text \<open>In a matroid, by the augmentation axiom, all maximal independent subsets of Z have
  size equal to the rank of Z.\<close>
lemma max_indep_subset_card:
  assumes mat: "matroid E indep" and K: "max_indep_subset indep Z K"
  shows "card K = rank indep Z"
proof -
  have sys: "indep_system E indep" using matroid_indep_system[OF mat] .
  obtain J where J: "J \<subseteq> Z" "indep J" "card J = rank indep Z" using rank_attained[OF sys] .
  have "card J \<le> card K"
  proof (rule ccontr)
    assume "\<not> card J \<le> card K"
    moreover have "indep K" using K unfolding max_indep_subset_def by blast
    ultimately obtain e where "e \<in> J - K" "indep (insert e K)"
      using matroid_augment[OF mat _ J(2)] by (meson not_le)
    then show False using K J(1) unfolding max_indep_subset_def by blast
  qed
  moreover have "card K \<le> rank indep Z" using rank_ge[OF sys] K unfolding max_indep_subset_def by blast
  ultimately show ?thesis using J(3) by linarith
qed

lemma contract_indep_iff:
  assumes mat: "matroid E N" and B: "max_indep_subset N C B" and CE: "C \<subseteq> E"
    and YE: "Y \<subseteq> E" and disj: "Y \<inter> C = {}"
  shows "rank N (Y \<union> C) = card Y + rank N C \<longleftrightarrow> N (Y \<union> B)"
proof -
  have sys: "indep_system E N" using matroid_indep_system[OF mat] .
  have finY: "finite Y" using finite_subset[OF YE matroid_finite[OF mat]] .
  have BC: "B \<subseteq> C" "N B" using B unfolding max_indep_subset_def by auto
  have finB: "finite B" using finite_subset[OF _ matroid_finite[OF mat]] BC(1) CE by blast
  have "card (Y \<union> B) = card Y + card B"
    using card_Un_disjoint[OF finY finB] disj BC(1) by blast
  then have card_YB: "card (Y \<union> B) = card Y + rank N C"
    using max_indep_subset_card[OF mat B] by simp
  show ?thesis
  proof
    assume r: "rank N (Y \<union> C) = card Y + rank N C"
    have "finite (Y \<union> C)" using finY finite_subset[OF CE matroid_finite[OF mat]] by simp
    then obtain K where K: "B \<subseteq> K" "max_indep_subset N (Y \<union> C) K"
      using exists_max_indep_subset[of "Y \<union> C" N B] BC by blast
    have KN: "N K" "K \<subseteq> Y \<union> C" using K(2) unfolding max_indep_subset_def by auto
    text \<open>K meets C exactly in B, by maximality of B in C.\<close>
    have "N (K \<inter> C)" using matroid_down[OF mat KN(1)] by blast
    moreover have "B \<subseteq> K \<inter> C" using K(1) BC by blast
    moreover have "\<not> N K'" if "B \<subset> K'" "K' \<subseteq> C" for K'
      using B that unfolding max_indep_subset_def by blast
    ultimately have "K \<inter> C = B" by blast
    then have "K \<subseteq> Y \<union> B" using KN by blast
    moreover have "card K = card (Y \<union> B)" using max_indep_subset_card[OF mat K(2)] r card_YB by simp
    ultimately have "K = Y \<union> B" using card_subset_eq[of "Y \<union> B" K] finY finB by simp
    then show "N (Y \<union> B)" using KN by simp
  next
    assume "N (Y \<union> B)"
    then have "card (Y \<union> B) \<le> rank N (Y \<union> C)" using rank_ge[OF sys, of "Y \<union> B"] BC(1) by blast
    moreover have "rank N (Y \<union> C) \<le> card Y + rank N C"
      using rank_union_le[OF sys matroid_down[OF mat] finY] .
    ultimately show "rank N (Y \<union> C) = card Y + rank N C" using card_YB by linarith
  qed
qed

section \<open>Ranks in a relaxation\<close>

locale relaxation =
  fixes E :: "'a set" and N :: "'a set \<Rightarrow> bool" and X :: "'a set"
  assumes mat: "matroid E N" and circ_hyp: "circuit_hyperplane E N X"
begin

abbreviation M :: "'a set \<Rightarrow> bool" where "M \<equiv> relax E N X"

lemma X_subset: "X \<subseteq> E" and X_dep: "\<not> N X" and X_minimal: "\<And>D. D \<subset> X \<Longrightarrow> N D"
  and X_flat: "\<And>e. e \<in> E - X \<Longrightarrow> rank N (insert e X) > rank N X"
  and X_corank: "rank N X + 1 = rank N E"
  using circ_hyp unfolding circuit_hyperplane_def circuit_def hyperplane_def flat_def by auto

lemma finite_X: "finite X"
  using finite_subset[OF X_subset matroid_finite[OF mat]] .

lemma sys_N: "indep_system E N"
  using matroid_indep_system[OF mat] .

lemma M_subset: "M J \<Longrightarrow> J \<subseteq> E"
  using X_subset unfolding relax_def bases_def by auto

lemma sys_M: "indep_system E M"
  unfolding indep_system_def using matroid_finite[OF mat] M_subset unfolding relax_def by auto

lemma M_X: "M X"
  unfolding relax_def by blast

lemma M_down: "M J \<Longrightarrow> K \<subseteq> J \<Longrightarrow> M K"
  unfolding relax_def by blast

lemma N_imp_M: "N J \<Longrightarrow> M J"
proof -
  assume "N J"
  then obtain B where "B \<in> bases E N" "J \<subseteq> B"
    using extend_to_basis[OF matroid_finite[OF mat]] indep_system_subset[OF sys_N] by blast
  then show "M J" unfolding relax_def by blast
qed

lemma M_imp_N: "M J \<Longrightarrow> N J \<or> J = X"
proof -
  assume "M J"
  then obtain B where B: "B \<in> insert X (bases E N)" "J \<subseteq> B" unfolding relax_def by blast
  show "N J \<or> J = X"
  proof (cases "B = X")
    case True
    then show ?thesis using B X_minimal by blast
  next
    case False
    then have "N B" using B unfolding bases_def by auto
    then show ?thesis using matroid_down[OF mat] B by blast
  qed
qed

text \<open>As a circuit, X has N-rank |X| - 1; as a hyperplane, N then has rank |X|.\<close>
lemma rank_N_X: "rank N X + 1 = card X"
proof -
  have "X \<noteq> {}" using X_dep sys_N unfolding indep_system_def by blast
  then obtain x where "x \<in> X" by blast
  then have "N (X - {x})" using X_minimal by blast
  then have "card (X - {x}) \<le> rank N X" using rank_ge[OF sys_N, of "X - {x}"] by blast
  then have "card X \<le> rank N X + 1" using \<open>x \<in> X\<close> finite_X by simp
  moreover obtain J where J: "J \<subseteq> X" "N J" "card J = rank N X" using rank_attained[OF sys_N] .
  then have "J \<subset> X" using X_dep by blast
  then have "rank N X < card X" using J finite_X psubset_card_mono by metis
  ultimately show ?thesis by linarith
qed

lemma rank_N_E: "rank N E = card X"
  using rank_N_X X_corank by simp

lemma rank_M_le: "rank M Y \<le> card X"
proof -
  obtain J where J: "J \<subseteq> Y" "M J" "card J = rank M Y" using rank_attained[OF sys_M] .
  from M_imp_N[OF J(2)] show ?thesis
  proof
    assume "N J"
    then have "card J \<le> rank N Y" using rank_ge[OF sys_N J(1)] by blast
    also have "\<dots> \<le> rank N E" by (rule rank_le_ground[OF sys_N])
    finally show ?thesis using rank_N_E J by linarith
  qed (use J in simp)
qed

lemma rank_M_X: "rank M X = card X"
  using rank_ge[OF sys_M _ M_X, of X] rank_M_le[of X] by simp

lemma rank_N_le_M: "rank N Y \<le> rank M Y"
proof -
  obtain J where J: "J \<subseteq> Y" "N J" "card J = rank N Y" using rank_attained[OF sys_N] .
  then show ?thesis using rank_ge[OF sys_M, of J Y] N_imp_M by metis
qed

text \<open>Relaxing X changes no rank except that of X itself: a set Y \<noteq> X containing an
  M-independent copy of X also contains a further element e, and X + e has N-rank |X|.\<close>
lemma rank_M_eq_N:
  assumes "Y \<subseteq> E" "Y \<noteq> X"
  shows "rank M Y = rank N Y"
proof -
  obtain J where J: "J \<subseteq> Y" "M J" "card J = rank M Y" using rank_attained[OF sys_M] .
  have "rank M Y \<le> rank N Y"
  proof (cases "N J")
    case True
    then show ?thesis using J rank_ge[OF sys_N] by metis
  next
    case False
    then have "J = X" using M_imp_N J by blast
    then obtain e where e: "e \<in> Y - X" using J assms by blast
    then have "card X \<le> rank N (insert e X)" using X_flat rank_N_X assms(1) by fastforce
    also have "\<dots> \<le> rank N Y" using rank_mono[OF sys_N] e J \<open>J = X\<close> by blast
    finally show ?thesis using J(3) \<open>J = X\<close> by simp
  qed
  then show ?thesis using rank_N_le_M[of Y] by linarith
qed

lemma contract_N_imp_M:
  assumes "C \<subseteq> E" "C \<noteq> X" "max_indep_subset N C B" "Y \<subseteq> E" "Y \<inter> C = {}" "N (Y \<union> B)"
  shows "rank M (Y \<union> C) = card Y + rank M C"
proof -
  have "rank N (Y \<union> C) = card Y + rank N C" using contract_indep_iff[OF mat assms(3,1,4,5)] assms(6) by blast
  moreover have "finite Y" using finite_subset[OF assms(4) matroid_finite[OF mat]] .
  then have "rank M (Y \<union> C) \<le> card Y + rank M C"
    by (rule rank_union_le[OF sys_M _, rotated]) (rule M_down)
  moreover have "rank M C = rank N C" using rank_M_eq_N assms(1,2) by blast
  ultimately show ?thesis using rank_N_le_M[of "Y \<union> C"] by linarith
qed

lemma contract_M_imp_N:
  assumes "C \<subseteq> E" "C \<noteq> X" "max_indep_subset N C B" "Y \<subseteq> E" "Y \<inter> C = {}" "Y \<union> C \<noteq> X"
    and "rank M (Y \<union> C) = card Y + rank M C"
  shows "N (Y \<union> B)"
proof -
  have "Y \<union> C \<subseteq> E" using assms(1,4) by blast
  then have "rank M (Y \<union> C) = rank N (Y \<union> C)" using rank_M_eq_N assms(6) by blast
  moreover have "rank M C = rank N C" using rank_M_eq_N assms(1,2) by blast
  ultimately have "rank N (Y \<union> C) = card Y + rank N C" using assms(7) by linarith
  then show ?thesis using contract_indep_iff[OF mat assms(3,1,4,5)] by blast
qed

-*-

- [WHAT THE TASK REQUIRES]:
Search the listing for the word "shows". Copy every line in which it occurs.

- [EXERCISE SOLUTION]:
  shows "card K = rank indep Z"
  shows "rank N (Y \<union> C) = card Y + rank N C \<longleftrightarrow> N (Y \<union> B)"
  shows "rank M Y = rank N Y"
  shows "rank M (Y \<union> C) = card Y + rank M C"
  shows "N (Y \<union> B)"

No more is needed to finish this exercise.